Usain Bolt is easy to pick out of the starting blocks. He’s the one who’s a head taller than all the other sprinters. The world record holder for 100 and 200 meter sprinting is going to change the face, well, height, of sprinting. Years from now, all those lanky young men who were guided to other sports will be funneled into sprinting to see if they can take advantage of the same mechanics that helped Bolt.
I am not very tall (about five foot nine) so I’ve seen these limits before. Most sports select for height. Basketball and volleyball are obvious examples, but it helps for many others as well. Taller people have a longer stride and offer relatively little extra wind resistance for their increased power.

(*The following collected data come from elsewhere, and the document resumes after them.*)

lemma linear_on_mats_mat_sum:
  assumes L: "linear_on_mats N L" and A: "\<And>l. l < m \<Longrightarrow> A l \<in> carrier_mat N N"
  shows "L (mat_sum N m (\<lambda>l. a l \<cdot>\<^sub>m A l)) = mat_sum N m (\<lambda>l. a l \<cdot>\<^sub>m L (A l))"
  using A
proof (induction m)
  case 0
  then show ?case
    using linear_on_mats_zero[OF L] by simp
next
  case (Suc m)
  have "mat_sum N m (\<lambda>l. a l \<cdot>\<^sub>m A l) \<in> carrier_mat N N"
    using Suc.prems by (intro mat_sum_carrier) auto
  then show ?case
    using Suc by (simp add: linear_on_mats_add[OF L] linear_on_mats_smult[OF L])
qed

lemma mat_unit_carrier [simp]: "mat_unit N i j \<in> carrier_mat N N"
  by (simp add: mat_unit_def)

lemma mat_sum_mat_unit:
  assumes "X \<in> carrier_mat N N"
  shows "mat_sum N (N * N) (\<lambda>l. X $$ (l div N, l mod N) \<cdot>\<^sub>m mat_unit N (l div N) (l mod N)) = X"
    (is "?S = X")
proof -
  have S: "?S \<in> carrier_mat N N"
    by (rule mat_sum_carrier) simp
  show ?thesis
  proof (rule eq_matI)
    fix i j assume "i < dim_row X" "j < dim_col X"
    then have ij: "i < N" "j < N"
      using assms by auto
    have "(i = l div N \<and> j = l mod N) \<longleftrightarrow> l = i * N + j" for l
      using ij by auto
    then show "?S $$ (i,j) = X $$ (i,j)"
      using ij pair_index_less_square[OF ij]
      by (simp add: index_mat_sum mat_unit_def if_distrib if_distribR cong: if_cong)
  qed (use assms S in auto)
qed

definition vec_of_mat :: "nat \<Rightarrow> complex mat \<Rightarrow> complex vec" where
  "vec_of_mat N X = vec (N * N) (\<lambda>k. X $$ (k div N, k mod N))"

lemma vec_of_mat_carrier [simp]: "vec_of_mat N X \<in> carrier_vec (N * N)"
  by (simp add: vec_of_mat_def)

lemma dim_vec_of_mat [simp]: "dim_vec (vec_of_mat N X) = N * N"
  by (simp add: vec_of_mat_def)

lemma index_vec_of_mat [simp]: "k < N * N \<Longrightarrow> vec_of_mat N X $ k = X $$ (k div N, k mod N)"
  by (simp add: vec_of_mat_def)

lemma vec_of_mat_inj:
  assumes "X \<in> carrier_mat N N" "Y \<in> carrier_mat N N" "vec_of_mat N X = vec_of_mat N Y"
  shows "X = Y"
proof (rule eq_matI)
  fix i j assume "i < dim_row Y" "j < dim_col Y"
  then have ij: "i < N" "j < N"
    using assms by auto
  then show "X $$ (i,j) = Y $$ (i,j)"
    using arg_cong[OF assms(3), of "\<lambda>v. v $ (i * N + j)"] pair_index_less_square[OF ij] by simp
qed (use assms in auto)

lemma vec_of_mat_smult: "X \<in> carrier_mat N N \<Longrightarrow> vec_of_mat N (a \<cdot>\<^sub>m X) = a \<cdot>\<^sub>v vec_of_mat N X"
  by (intro eq_vecI) (auto simp: div_mod_less_square)

lemma vec_of_mat_zero: "vec_of_mat N (0\<^sub>m N N) = 0\<^sub>v (N * N)"
  by (intro eq_vecI) (auto simp: div_mod_less_square)

lemma rep_map_carrier [simp]: "rep_map N L \<in> carrier_mat (N * N) (N * N)"
  by (simp add: rep_map_def)

lemma dim_rep_map [simp]: "dim_row (rep_map N L) = N * N" "dim_col (rep_map N L) = N * N"
  by (simp_all add: rep_map_def)

lemma index_rep_map:
  "k < N * N \<Longrightarrow> l < N * N \<Longrightarrow> rep_map N L $$ (k,l) = L (mat_unit N (l div N) (l mod N)) $$ (k div N, k mod N)"
  by (simp add: rep_map_def)

lemma rep_map_mult_vec_of_mat:
  assumes L: "linear_on_mats N L" and X: "X \<in> carrier_mat N N"
  shows "rep_map N L *\<^sub>v vec_of_mat N X = vec_of_mat N (L X)"
proof (rule eq_vecI)
  let ?E = "\<lambda>l. mat_unit N (l div N) (l mod N)" and ?x = "\<lambda>l. X $$ (l div N, l mod N)"
  fix k assume "k < dim_vec (vec_of_mat N (L X))"
  then have k: "k < N * N"
    by simp
  have LE: "L (?E l) \<in> carrier_mat N N" for l
    using linear_on_mats_carrier[OF L] by simp
  then have dim_LE: "dim_row (L (?E l)) = N" "dim_col (L (?E l)) = N" for l
    by auto
  have "(rep_map N L *\<^sub>v vec_of_mat N X) $ k = (\<Sum>l<N * N. ?x l * L (?E l) $$ (k div N, k mod N))"
    using k by (simp add: index_mult_mat_vec_sum[of _ "N * N" "N * N"] index_rep_map mult.commute)
  also have "\<dots> = mat_sum N (N * N) (\<lambda>l. ?x l \<cdot>\<^sub>m L (?E l)) $$ (k div N, k mod N)"
    using k LE by (simp add: index_mat_sum div_mod_less_square dim_LE)
  also have "\<dots> = L X $$ (k div N, k mod N)"
    using linear_on_mats_mat_sum[OF L, of "N * N" ?E ?x] mat_sum_mat_unit[OF X] by simp
  finally show "(rep_map N L *\<^sub>v vec_of_mat N X) $ k = vec_of_mat N (L X) $ k"
    using k by simp
qed simp

lemma rep_map_comp:
  assumes D: "linear_on_mats N D" and E: "linear_on_mats N E"
  shows "rep_map N (\<lambda>X. D (E X)) = rep_map N D * rep_map N E"
proof (rule eq_matI)
  fix k l assume "k < dim_row (rep_map N D * rep_map N E)" "l < dim_col (rep_map N D * rep_map N E)"
  then have k: "k < N * N" and l: "l < N * N"
    by auto
  let ?EE = "E (mat_unit N (l div N) (l mod N))"
  have EE: "?EE \<in> carrier_mat N N"
    using linear_on_mats_carrier[OF E mat_unit_carrier] .
  have "rep_map N (\<lambda>X. D (E X)) $$ (k,l) = vec_of_mat N (D ?EE) $ k"
    using k l by (simp add: index_rep_map)
  also have "\<dots> = (rep_map N D *\<^sub>v vec_of_mat N ?EE) $ k"
    using rep_map_mult_vec_of_mat[OF D EE] by simp
  also have "\<dots> = (rep_map N D * rep_map N E) $$ (k,l)"
    using k l by (simp add: index_mult_mat_vec_sum[of _ "N * N" "N * N"]
        index_mult_mat_sum[OF rep_map_carrier rep_map_carrier k l] index_rep_map)
  finally show "rep_map N (\<lambda>X. D (E X)) $$ (k,l) = (rep_map N D * rep_map N E) $$ (k,l)" .
qed simp_all
(* Let $r\ge1$, $\mathbf{m}\in\mathbb{N}^r$, $m=m_1+\cdots+m_r$, $\mathbf{f}\in\mathbb{C}^r$, $b,c\in\mathbb{C}$ with $(c-b-m)_m\ne0$. Define $$ P_m(x)=\frac{1}{(c-b-m)_m}\sum_{k=0}^m(b)_{k}(1-c+b)_{k}D_{k}(c-b-m-x)_{m-k},\qquad D_k=\frac{(-1)^k(\mathbf{f}-b)_{\mathbf{m}}}{k!}{}_{r+1}F_{r}\!\left(\begin{matrix}-k,1-\mathbf{f}+b\\1-\mathbf{f}+b-\mathbf{m}\end{matrix}\right), $$ and $$ Q(b,c,\mathbf{f},\mathbf{m};t)=\frac{1}{(c-b-m)_{m}}\sum_{k=0}^{m}(b)_k\,C_{k,r}\,(t)_{k}\,(c-b-m-t)_{m-k},\qquad C_{k,r}=\frac{(-1)^k}{k!}{}_{r+1}F_{r}\!\left(\begin{matrix}-k,\mathbf{f}+\mathbf{m}\\\mathbf{f}\end{matrix}\right). $$ Then $P_m(x)=(\mathbf{f})_{\mathbf{m}}\,Q(b,c,\mathbf{f},\mathbf{m};x)$ identically in $x$.
   Context: $(a)_k=\Gamma(a+k)/\Gamma(a)$. For vectors: $(\mathbf{f})_{\mathbf{m}}=\prod_i(f_i)_{m_i}$, $\mathbf{f}+\alpha$, $\mathbf{f}+\mathbf{m}$ componentwise; a vector among hypergeometric parameters means its components are listed. ${}_pF_q(\mathbf{a};\mathbf{b})$ denotes the (terminating) generalized hypergeometric series evaluated at $1$. Parameters are assumed such that all expressions are defined. *)

theory Defs
  imports "HOL-Analysis.Analysis"
begin

definition poch_vec :: "complex list \<Rightarrow> nat list \<Rightarrow> complex" where
  "poch_vec fs ms = prod_list (map2 (\<lambda>a n. pochhammer a n) fs ms)"

text \<open>Terminating hypergeometric series at 1 with first numerator parameter -k:
  F(-k, as; bs) = sum_{n=0}^k (-k)_n prod (a)_n / (prod (b)_n n!).  Since (-k)_n = 0 for n > k,
  this is the full series.\<close>
definition hypF_term :: "nat \<Rightarrow> complex list \<Rightarrow> complex list \<Rightarrow> complex" where
  "hypF_term k as bs = (\<Sum>n\<le>k. pochhammer (- of_nat k) n * prod_list (map (\<lambda>a. pochhammer a n) as)
      / (prod_list (map (\<lambda>a. pochhammer a n) bs) * fact n))"

definition D_coef :: "complex \<Rightarrow> complex list \<Rightarrow> nat list \<Rightarrow> nat \<Rightarrow> complex" where
  "D_coef b fs ms k = (-1)^k * poch_vec (map (\<lambda>fi. fi - b) fs) ms / fact k
     * hypF_term k (map (\<lambda>fi. 1 - fi + b) fs) (map2 (\<lambda>fi mi. 1 - fi + b - of_nat mi) fs ms)"

definition P_poly :: "complex \<Rightarrow> complex \<Rightarrow> complex list \<Rightarrow> nat list \<Rightarrow> complex \<Rightarrow> complex" where
  "P_poly b c fs ms x = (let m = sum_list ms in
     1 / pochhammer (c - b - of_nat m) m *
     (\<Sum>k\<le>m. pochhammer b k * pochhammer (1 - c + b) k * D_coef b fs ms k
               * pochhammer (c - b - of_nat m - x) (m - k)))"
(* Let $n\ge 2$, and consider words in the free monoid $F_n$ on the letters $g_i,g_i^{-1},e_i$ ($1\le i\le n-1$). A move $u\leftrightarrow v$ means replacing a contiguous subword equal to $u$ by $v$ or vice versa. Consider the moves, for $\epsilon\in\{+1,-1\}$ and $i,j\in\{1,\dots,n-1\}$: (M6) $g_i^{\epsilon}g_j^{\epsilon}e_i\leftrightarrow e_je_i$ for $|i-j|=1$; (M7) $e_ig_j^{\epsilon}g_i^{\epsilon}\leftrightarrow e_ie_j$ for $|i-j|=1$; (M20) $e_i\leftrightarrow g_i^{\epsilon}e_i$; (M21) $e_i\leftrightarrow e_ig_i^{\epsilon}$. Then the following moves are realized by finite sequences of the moves (M6), (M7), (M20), (M21): (a) $g_i^{\epsilon}g_j^{\epsilon}e_i\leftrightarrow e_jg_i^{\delta}g_j^{\delta}$ for all $\epsilon,\delta\in\{+1,-1\}$ and $|i-j|=1$; (b) $e_i\leftrightarrow g_i^{k}e_i$ for all $k\in\mathbb Z$; (c) $e_i\leftrightarrow e_ig_i^{k}$ for all $k\in\mathbb Z$.
   Context: $F_n$ is the free monoid generated by the symbols $g_i,g_i^{-1},e_i$ ($i=1,\dots,n-1$). For $k>0$, $g_i^k$ denotes the word $g_i\cdots g_i$ ($k$ letters), $g_i^{-k}$ denotes $g_i^{-1}\cdots g_i^{-1}$ ($k$ letters), and $g_i^0$ is the empty word. *)

theory Defs
  imports Main
begin

datatype letter = G nat | Ginv nat | E nat

type_synonym word = "letter list"

fun idx :: "letter \<Rightarrow> nat" where
  "idx (G i) = i" | "idx (Ginv i) = i" | "idx (E i) = i"

definition in_Fn :: "nat \<Rightarrow> word \<Rightarrow> bool" where
  "in_Fn n w \<longleftrightarrow> (\<forall>a\<in>set w. 1 \<le> idx a \<and> idx a \<le> n - 1)"

definition gpow :: "nat \<Rightarrow> int \<Rightarrow> word" where
  "gpow i k = (if 0 \<le> k then replicate (nat k) (G i) else replicate (nat (- k)) (Ginv i))"

definition basic_move :: "nat \<Rightarrow> word \<Rightarrow> word \<Rightarrow> bool" where
  "basic_move n l r \<longleftrightarrow>
    (\<exists>i j \<epsilon>. i \<in> {1..n-1} \<and> j \<in> {1..n-1} \<and> \<epsilon> \<in> {1, -1::int} \<and>
      ((\<bar>int i - int j\<bar> = 1 \<and> l = gpow i \<epsilon> @ gpow j \<epsilon> @ [E i] \<and> r = [E j, E i]) \<or>
       (\<bar>int i - int j\<bar> = 1 \<and> l = [E i] @ gpow j \<epsilon> @ gpow i \<epsilon> \<and> r = [E i, E j]) \<or>
       (l = [E i] \<and> r = gpow i \<epsilon> @ [E i]) \<or>
       (l = [E i] \<and> r = [E i] @ gpow i \<epsilon>)))"

definition move_step :: "nat \<Rightarrow> word \<Rightarrow> word \<Rightarrow> bool" where
  "move_step n x y \<longleftrightarrow>
    (\<exists>p q l r. x = p @ l @ q \<and> y = p @ r @ q \<and> in_Fn n p \<and> in_Fn n q \<and>
      (basic_move n l r \<or> basic_move n r l))"

end

theory Submission
  imports Defs
begin

text \<open>
  Move (a) passes through the word e_j e_i: an (M6) step reaches it from the left-hand side and
  an (M7) step, read backwards, leaves it towards the right-hand side.  For (b) and (c), g_i^k
  is |k| copies of a single letter g_i^{\<plusminus>1}, and an (M20) resp. (M21) step inserts one copy
  next to e_i at a time.
\<close>

lemma in_Fn_append [simp]: "in_Fn n (xs @ ys) \<longleftrightarrow> in_Fn n xs \<and> in_Fn n ys"
  by (auto simp: in_Fn_def)

lemma in_Fn_Nil [simp]: "in_Fn n []"
  by (simp add: in_Fn_def)

lemma gpow_of_nat: "gpow i (int m) = replicate m (G i)"
  by (simp add: gpow_def)

lemma gpow_neg_of_nat: "gpow i (- int m) = replicate m (Ginv i)"
  by (simp add: gpow_def)

lemma move_step_if_basic_move: "basic_move n l r \<Longrightarrow> move_step n l r"
  unfolding move_step_def by (rule exI[of _ "[]"], rule exI[of _ "[]"]) auto

lemma move_step_if_basic_move_rev: "basic_move n r l \<Longrightarrow> move_step n l r"
  unfolding move_step_def by (rule exI[of _ "[]"], rule exI[of _ "[]"]) auto

lemma move_step_append_left:
  assumes "in_Fn n p" and "move_step n x y"
  shows "move_step n (p @ x) (p @ y)"
proof -
  obtain p' q l r where "x = p' @ l @ q" "y = p' @ r @ q" "in_Fn n p'" "in_Fn n q"
    "basic_move n l r \<or> basic_move n r l"
    using assms(2) unfolding move_step_def by blast
  then show ?thesis
    unfolding move_step_def using assms(1)
    by (intro exI[of _ "p @ p'"] exI[of _ q] exI[of _ l] exI[of _ r]) simp
qed

lemma move_step_append_right:
  assumes "in_Fn n q" and "move_step n x y"
  shows "move_step n (x @ q) (y @ q)"
proof -
  obtain p q' l r where "x = p @ l @ q'" "y = p @ r @ q'" "in_Fn n p" "in_Fn n q'"
    "basic_move n l r \<or> basic_move n r l"
    using assms(2) unfolding move_step_def by blast
  then show ?thesis
    unfolding move_step_def using assms(1)
    by (intro exI[of _ p] exI[of _ "q' @ q"] exI[of _ l] exI[of _ r]) simp
qed

lemma basic_move_M6:
  "\<lbrakk>i \<in> {1..n-1}; j \<in> {1..n-1}; \<bar>int i - int j\<bar> = 1; \<epsilon> \<in> {1, -1::int}\<rbrakk>
   \<Longrightarrow> basic_move n (gpow i \<epsilon> @ gpow j \<epsilon> @ [E i]) [E j, E i]"
  unfolding basic_move_def by blast

lemma basic_move_M7:
  "\<lbrakk>i \<in> {1..n-1}; j \<in> {1..n-1}; \<bar>int i - int j\<bar> = 1; \<epsilon> \<in> {1, -1::int}\<rbrakk>
   \<Longrightarrow> basic_move n ([E i] @ gpow j \<epsilon> @ gpow i \<epsilon>) [E i, E j]"
  unfolding basic_move_def by blast

lemma basic_move_M20:
  "\<lbrakk>i \<in> {1..n-1}; \<epsilon> \<in> {1, -1::int}\<rbrakk> \<Longrightarrow> basic_move n [E i] (gpow i \<epsilon> @ [E i])"
  unfolding basic_move_def by blast

lemma basic_move_M21:
  "\<lbrakk>i \<in> {1..n-1}; \<epsilon> \<in> {1, -1::int}\<rbrakk> \<Longrightarrow> basic_move n [E i] ([E i] @ gpow i \<epsilon>)"
  unfolding basic_move_def by blast

lemma moves_M6_then_M7_rev:
  assumes "i \<in> {1..n-1}" "j \<in> {1..n-1}" "\<bar>int i - int j\<bar> = 1"
    and "\<epsilon> \<in> {1, -1::int}" "\<delta> \<in> {1, -1::int}"
  shows "(move_step n)\<^sup>*\<^sup>* (gpow i \<epsilon> @ gpow j \<epsilon> @ [E i]) ([E j] @ gpow i \<delta> @ gpow j \<delta>)"
proof -
  have "move_step n (gpow i \<epsilon> @ gpow j \<epsilon> @ [E i]) [E j, E i]"
    using assms by (intro move_step_if_basic_move basic_move_M6)
  moreover have "move_step n [E j, E i] ([E j] @ gpow i \<delta> @ gpow j \<delta>)"
    using assms by (intro move_step_if_basic_move_rev basic_move_M7) auto
  ultimately show ?thesis
    by (rule converse_rtranclp_into_rtranclp[OF _ r_into_rtranclp])
qed

lemma moves_absorb_prefix_replicate:
  assumes "move_step n [E i] [a, E i]" and "in_Fn n [a]"
  shows "(move_step n)\<^sup>*\<^sup>* [E i] (replicate m a @ [E i])"
proof (induction m)
  case 0
  show ?case by simp
next
  case (Suc m)
  have "in_Fn n (replicate m a)"
    using assms(2) by (simp add: in_Fn_def)
  then have "move_step n (replicate m a @ [E i]) (replicate m a @ [a, E i])"
    using assms(1) by (rule move_step_append_left)
  with Suc.IH show ?case
    by (simp add: replicate_append_same[symmetric] rtranclp.rtrancl_into_rtrancl)
qed

lemma moves_absorb_suffix_replicate:
  assumes "move_step n [E i] [E i, a]" and "in_Fn n [a]"
  shows "(move_step n)\<^sup>*\<^sup>* [E i] ([E i] @ replicate m a)"
proof (induction m)
  case 0
  show ?case by simp
next
  case (Suc m)
  have "in_Fn n (replicate m a)"
    using assms(2) by (simp add: in_Fn_def)
  then have "move_step n ([E i] @ replicate m a) ([E i, a] @ replicate m a)"
    using assms(1) by (rule move_step_append_right)
  with Suc.IH show ?case
    by (simp add: rtranclp.rtrancl_into_rtrancl)
qed

lemma moves_prefix_gpow:
  assumes i: "i \<in> {1..n-1}"
  shows "(move_step n)\<^sup>*\<^sup>* [E i] (gpow i k @ [E i])"
proof (cases k rule: int_cases2)
  case (nonneg m)
  have "move_step n [E i] [G i, E i]"
    using basic_move_M20[OF i, of 1] by (simp add: move_step_if_basic_move gpow_def)
  then show ?thesis
    using moves_absorb_prefix_replicate[of n i "G i" m] i
    by (simp add: nonneg gpow_of_nat in_Fn_def)
next
  case (nonpos m)
  have "move_step n [E i] [Ginv i, E i]"
    using basic_move_M20[OF i, of "-1"] by (simp add: move_step_if_basic_move gpow_def)
  then show ?thesis
    using moves_absorb_prefix_replicate[of n i "Ginv i" m] i
    by (simp add: nonpos gpow_neg_of_nat in_Fn_def)
qed

lemma moves_suffix_gpow:
  assumes i: "i \<in> {1..n-1}"
  shows "(move_step n)\<^sup>*\<^sup>* [E i] ([E i] @ gpow i k)"
proof (cases k rule: int_cases2)
  case (nonneg m)
  have "move_step n [E i] [E i, G i]"
    using basic_move_M21[OF i, of 1] by (simp add: move_step_if_basic_move gpow_def)
  then show ?thesis
    using moves_absorb_suffix_replicate[of n i "G i" m] i
    by (simp add: nonneg gpow_of_nat in_Fn_def)
next
  case (nonpos m)
  have "move_step n [E i] [E i, Ginv i]"
    using basic_move_M21[OF i, of "-1"] by (simp add: move_step_if_basic_move gpow_def)
  then show ?thesis
    using moves_absorb_suffix_replicate[of n i "Ginv i" m] i
    by (simp add: nonpos gpow_neg_of_nat in_Fn_def)
qed

theorem lemma5p4:
  fixes n :: nat
  assumes "n \<ge> 2"
  shows "(\<forall>i j \<epsilon> \<delta>. i \<in> {1..n-1} \<and> j \<in> {1..n-1} \<and> \<bar>int i - int j\<bar> = 1 \<and>
            \<epsilon> \<in> {1, -1::int} \<and> \<delta> \<in> {1, -1::int} \<longrightarrow>
            (move_step n)\<^sup>*\<^sup>* (gpow i \<epsilon> @ gpow j \<epsilon> @ [E i]) ([E j] @ gpow i \<delta> @ gpow j \<delta>))
       \<and> (\<forall>i (k::int). i \<in> {1..n-1} \<longrightarrow> (move_step n)\<^sup>*\<^sup>* [E i] (gpow i k @ [E i]))
       \<and> (\<forall>i (k::int). i \<in> {1..n-1} \<longrightarrow> (move_step n)\<^sup>*\<^sup>* [E i] ([E i] @ gpow i k))"
  using moves_M6_then_M7_rev moves_prefix_gpow moves_suffix_gpow by meson

end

I see this in cycling all the time. My larger riding partners blow me away on the flats, easily cruising at 20 miles per hour. The only time I can catch up is on the hills where being smaller means I have to put out far fewer Watts to do climb to the top.
In a recent example, I beat a strong riding partner of mine up a four-mile hill. Knowing our average speed, altitude change and distance I calculated our average power output. His was around 350 W/hr compared to my measly 250 W/hr. Even Tour de France riders don’t maintain much more than 400 so my partner should be commended for his superb performance as an amateur. More importantly, he’s actually able to support 350 W/hr which is why he crushes me on the flats. It’s not just that he’s in shape (he is) but that his size means that just climbing stairs now and again, his body is used to putting out more energy, so his baseline is so much higher than mine.
It’s not really good news for me (because I am way too lazy) but most of these height advantages reverse as the sport turns into an endurance challenge. My cycling friend above may be able to put out 350 W/hr, but his body probably doesn’t digest food much faster than mine. At some point, he just won’t be able to nourish himself enough to keep going. It’s too bad we’re not competing in any double centuries…I might just have a chance (except that would be just dumb!) Compare those tiny marathoners to Bolt’s six foot five in frame.
Unlike my weekend warrior fitness plan, world class athletics is a very effective sorter for characteristics of success. Coaches can try to guide young Phelpses and Bolts into sports based on what they think is more suited to their bodies, but when everyone is training at such an elite level, what separates them becomes tiny little advantages like big feet and fancy swimming suits. Inexorably, the Olympics and other elite sports will become a freak show of bodies and minds perfectly formed for the sport in which they compete. Future Olympics won’t be inspiring in an ‘if I just tried hard enough that could be me’ sort of way and, to be fair, they probably weren’t in their debut in ancient Greece. Instead, like this year in Beijing, it will be absolutely fascinating to see what humans can do—and how their bodies will adapt—to break new records.